What is the Maximum Likelihood Estimator? Use as examples calculating P(heads) from coin flips.

A

We could calculate empirically the P(heads) with

Maximum Likelihood Estimator:

SUM(X1…Xn) / N (number of times we see heads divided by the number of flops)

20
Q

What is a confounding variable?

A

It is a variable that causes other two or more variables that shows correlation between each other.

21
Q

What is the disadvantage of the maximum likelihood Estimator?

A

It is very sensitive with the amount of data available. It could go to extremes if few data is available.

22
Q

Explain the Laplacian Estimator.

A

It is calculated like the maximum likelihood estimator but we add fake neutral data to the data set in order to smooth the result.

23
Q

What are the three Ms of statistics?

A

Mean, Median, Mode

24
Q

What is the Mean of a dataset? What is it good for?

A

Sum(Xn) /N

It is good to give a characterization of a group of data, however the mean is very sensitive to outliers

25
Q

What is the Median of a dataset? How do you find it?

A

It is the exact middle data point of the data set. To find, order the dataset and take the middle point. In case of tie, choose anyone.

26
Q

What is the Mode of a dataset? How do I find it?

A

It is the most frequent datapoint.

To find it, count the most frequent. In case of tie, pick any one at random.

27
Q

What is a multimodal dataset?

A

It is a dataset with many concentration of different data points. Many modes.

28
Q

What information is not captured by any of the 3 Ms of statistics?

A

The spread of the data in the dataset

29
Q

Which information captures the spread of a dataset?

A

The variance.

30
Q

What is the formula of the variance?

A

SUM(Xi - Mean)^2/N

31
Q

What is the standard deviation?

A

The square root of the variance.

32
Q

What happens to the mean and the variance if you add a constant C to every datapoint?

A

The mean will increase by C

The variance will stay the same

33
Q

What happens to the mean and the variance if you multiply every datapoint by a factor (percentage for ex)?

A

The mean and std deviation will be also multiplied by the factor

The variance will be multiplied by the square of the factor.

34
Q

What is the formula of the Standard Score of a datapoint? What does it mean?

A

Z = (X - Mean) / Std.deviation

It represents the distance of a specific datapoint to the mean, in the context of a dataset.

35
Q

What are outliers? What are possible origins of it?

A

Outliers are datapoints that don’t accurately represent the real world. It should be discarded from the analysis of the dataset.

Possible origins can be:

  • corruption of the database
  • error during data capture (ex: typos)
  • exceptions in the real world
36
Q

What are quartiles? How do you calculate it?

A

Quartiles is a way of getting rid of the lower and upper end of the data.

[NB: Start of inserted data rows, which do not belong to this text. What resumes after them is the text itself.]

(* Assume the standing assumptions below, and write $\mathbf{x}^*(\mathbf{a})\in\mathbb{R}^{2n}$ for the unique solution of the fixed-point equation $\mathbf{x}=\mathbf{g}(\mathbf{a},\mathbf{x})$. For $\boldsymbol{\xi}\in\{0,1\}^n$ define the $2n\times 2n$ matrix $$\mathbf{K}_{\boldsymbol{\xi}}=\begin{pmatrix}\operatorname{diag}(\boldsymbol{\xi})\mathbf{M}^s & \operatorname{diag}(\boldsymbol{\xi})\mathbf{M}^d\\ \operatorname{diag}(\mathbf{1}-\boldsymbol{\xi})\mathbf{M}^s & \operatorname{diag}(\mathbf{1}-\boldsymbol{\xi})\mathbf{M}^d\end{pmatrix}.$$ Then the following hold. 1. $\kappa:=\max_{\boldsymbol{\xi}\in\{0,1\}^n}\|\mathbf{K}_{\boldsymbol{\xi}}\|_1<1$. 2. For all $\mathbf{a}_1,\mathbf{a}_2\in(0,\infty)^n$, $$\|\mathbf{x}^*(\mathbf{a}_1)-\mathbf{x}^*(\mathbf{a}_2)\|_1\le (1-\kappa)^{-1}\,\|\mathbf{a}_1-\mathbf{a}_2\|_1.$$ Here $\|\cdot\|_1$ is the $\ell^1$ norm on vectors, and for matrices it is the induced operator norm, i.e. the maximum absolute column sum.
   Context: Standing model (network valuation with cross-holdings). There are $n$ firms. Cross-holding matrices. $\mathbf{M}^s,\mathbf{M}^d\in\mathbb{R}^{n\times n}$ are matrices of equity and debt cross-holding fractions: firm $i$ holds fraction $M^s_{ij}$ of firm $j$'s equity and fraction $M^d_{ij}$ of firm $j$'s debt. They satisfy: - $M^s_{ii}=M^d_{ii}=0$ for all $i$; - $M^s_{ij},M^d_{ij}\ge 0$ for all $i,j$; - $\sum_i M^s_{ij}<1$ and $\sum_i M^d_{ij}<1$ for every $j$. Asset and debt data. Firm $i$ has external asset value $a_i>0$ and nominal debt $d_i>0$ (fixed). Fixed-point map. For $\mathbf{x}=(\mathbf{s};\mathbf{r})\in\mathbb{R}^{2n}$ (equity values $\mathbf{s}$ stacked over debt recovery values $\mathbf{r}$), define $\mathbf{g}=(g^s_1,\dots,g^s_n,g^r_1,\dots,g^r_n)$ by $$g^s_i(\mathbf{a},\mathbf{x})=\max\Big\{0,\;a_i+\sum_j M^s_{ij}s_j+\sum_j M^d_{ij}r_j-d_i\Big\},$$ $$g^r_i(\mathbf{a},\mathbf{x})=\min\Big\{d_i,\;a_i+\sum_j M^s_{ij}s_j+\sum_j M^d_{ij}r_j\Big\}.$$ For every $\mathbf{a}\in(0,\infty)^n$ the equation $\mathbf{x}=\mathbf{g}(\mathbf{a},\mathbf{x})$ has a unique (nonnegative) solution, denoted $\mathbf{x}^*(\mathbf{a})=(\mathbf{s}^*(\mathbf{a});\mathbf{r}^*(\mathbf{a}))$. *)

theory Defs
  imports "HOL-Analysis.Analysis"
begin

text \<open>Firms are indexed by a finite type 'n. A vector in R^{2n} is indexed by
 'n + 'n: Inl i is the equity value s_i, Inr i is the debt recovery value r_i.\<close>

definition l1norm :: "real ^ 'k \<Rightarrow> real" where
  "l1norm x = (\<Sum>i\<in>UNIV. \<bar>x $ i\<bar>)"

definition mat_l1norm :: "real ^ 'k ^ 'k \<Rightarrow> real" where
  "mat_l1norm A = Max (range (\<lambda>j. \<Sum>i\<in>UNIV. \<bar>A $ i $ j\<bar>))"

definition gmap :: "real ^ 'n ^ 'n \<Rightarrow> real ^ 'n ^ 'n \<Rightarrow> real ^ 'n \<Rightarrow> real ^ 'n
                     \<Rightarrow> real ^ ('n + 'n) \<Rightarrow> real ^ ('n + 'n)" where
  "gmap Ms Md d a x = (\<chi> k. case k of
      Inl i \<Rightarrow> max 0 (a $ i + (\<Sum>j\<in>UNIV. Ms $ i $ j * x $ Inl j)
                          + (\<Sum>j\<in>UNIV. Md $ i $ j * x $ Inr j) - d $ i)
    | Inr i \<Rightarrow> min (d $ i) (a $ i + (\<Sum>j\<in>UNIV. Ms $ i $ j * x $ Inl j)
                          + (\<Sum>j\<in>UNIV. Md $ i $ j * x $ Inr j)))"

definition xstar :: "real ^ 'n ^ 'n \<Rightarrow> real ^ 'n ^ 'n \<Rightarrow> real ^ 'n \<Rightarrow> real ^ 'n
                     \<Rightarrow> real ^ ('n + 'n)" where
  "xstar Ms Md d a = (THE x. x = gmap Ms Md d a x)"

text \<open>K_xi for xi in {0,1}^n, xi encoded as a boolean function (True = 1).\<close>
definition Kmat :: "real ^ 'n ^ 'n \<Rightarrow> real ^ 'n ^ 'n \<Rightarrow> ('n \<Rightarrow> bool)
                    \<Rightarrow> real ^ ('n + 'n) ^ ('n + 'n)" where
  "Kmat Ms Md xi = (\<chi> k l.
     (let w = (case k of Inl i \<Rightarrow> (if xi i then 1 else 0) | Inr i \<Rightarrow> (if xi i then 0 else 1));
          i = (case k of Inl i \<Rightarrow> i | Inr i \<Rightarrow> i)
      in w * (case l of Inl j \<Rightarrow> Ms $ i $ j | Inr j \<Rightarrow> Md $ i $ j)))"

definition kappa :: "real ^ 'n ^ 'n \<Rightarrow> real ^ 'n ^ 'n \<Rightarrow> real" where
  "kappa Ms Md = Max ((\<lambda>xi. mat_l1norm (Kmat Ms Md xi)) ` UNIV)"

end

theory Submission
  imports Defs
begin

text \<open>Writing \<open>v\<^sub>i = a\<^sub>i + \<Sum>\<^sub>j M\<^sup>s\<^sub>i\<^sub>j s\<^sub>j + \<Sum>\<^sub>j M\<^sup>d\<^sub>i\<^sub>j r\<^sub>j\<close> for the value of firm \<open>i\<close>,
  the pair \<open>(max 0 (v\<^sub>i - d\<^sub>i), min d\<^sub>i v\<^sub>i)\<close> splits \<open>v\<^sub>i\<close>, so the two coordinates of \<open>g\<close>
  belonging to firm \<open>i\<close> move in \<open>\<ell>\<^sup>1\<close> by exactly \<open>|v\<^sub>i - v\<^sub>i'|\<close>. Summing over firms,
  \<open>\<parallel>g(a,x) - g(a',y)\<parallel>\<^sub>1 \<le> \<parallel>a - a'\<parallel>\<^sub>1 + \<kappa> \<parallel>x - y\<parallel>\<^sub>1\<close>, where \<open>\<kappa>\<close> is the largest column sum of
  \<open>M\<^sup>s\<close> and \<open>M\<^sup>d\<close>; this is also the column sum of every \<open>K\<^sub>\<xi>\<close>, since the rows of
  \<open>K\<^sub>\<xi>\<close> distribute each row of \<open>(M\<^sup>s M\<^sup>d)\<close> over the two blocks. Hence \<open>\<kappa> < 1\<close>, \<open>g(a,\<cdot>)\<close> is an
  \<open>\<ell>\<^sup>1\<close>-contraction with fixed point \<open>x\<^sup>*(a)\<close>, and comparing the fixed points for
  \<open>a\<^sub>1\<close> and \<open>a\<^sub>2\<close> gives \<open>(1 - \<kappa>) \<parallel>x\<^sup>*(a\<^sub>1) - x\<^sup>*(a\<^sub>2)\<parallel>\<^sub>1 \<le> \<parallel>a\<^sub>1 - a\<^sub>2\<parallel>\<^sub>1\<close>.\<close>

lemma sum_UNIV_sum_type:
  fixes f :: "'a::finite + 'b::finite \<Rightarrow> 'c::comm_monoid_add"
  shows "(\<Sum>k\<in>UNIV. f k) = (\<Sum>i\<in>UNIV. f (Inl i)) + (\<Sum>i\<in>UNIV. f (Inr i))"
  using sum.Plus[of "UNIV :: 'a set" "UNIV :: 'b set" f] by (simp add: comp_def)

lemma abs_sum_weighted_le:
  fixes W :: "'i \<Rightarrow> 'j \<Rightarrow> real"
  assumes "finite I" "finite J" and W_nonneg: "\<And>i j. W i j \<ge> 0"
  shows "(\<Sum>i\<in>I. \<bar>\<Sum>j\<in>J. W i j * v j\<bar>) \<le> (\<Sum>j\<in>J. (\<Sum>i\<in>I. W i j) * \<bar>v j\<bar>)"
proof -
  have "(\<Sum>i\<in>I. \<bar>\<Sum>j\<in>J. W i j * v j\<bar>) \<le> (\<Sum>i\<in>I. \<Sum>j\<in>J. W i j * \<bar>v j\<bar>)"
    by (intro sum_mono order_trans[OF sum_abs]) (simp add: abs_mult W_nonneg)
  also have "\<dots> = (\<Sum>j\<in>J. (\<Sum>i\<in>I. W i j) * \<bar>v j\<bar>)"
    by (subst sum.swap) (simp add: sum_distrib_right)
  finally show ?thesis .
qed

lemma norm_le_l1norm: "norm x \<le> l1norm x"
  unfolding l1norm_def by (rule norm_le_l1_cart)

You divide the dataset in the median, and both halfs in their median (which are called quartiles)

1 2 3 3 4 4 5 5 6 7 8

3: lower quartile
4: median
6: upper quartile

All data from the lower and upper quartile is called interquartile.

This works for dataset with certain size (4n + 3) to maintain simmetry.

37
Q

What are percentiles?

A

Similar to quartile, we ignore a percentage of the data.

The k-th percentile means taking the k% of the data in the bottom.

38
Q

for n coin flips, how many outcomes have k heads?

A

n! / ( (n-k)! * k! )

39
Q

For a sequence of events, ex: coin flips, we might be interested in the probability of a certain kind of outcome, ex: number of heads = k.Which kind of distribution models that situation?

A

The binomial distribution.

40
Q

For a very large number of events, the binomial distribution can be approximated by which function?

A

Gaussian

41
Q

What is the distribution of a sequence of events that follow the normal distribution (ex: sequence of golf strikes)

A

It will be a normal distribution with the sum of the means and the sum of the variances.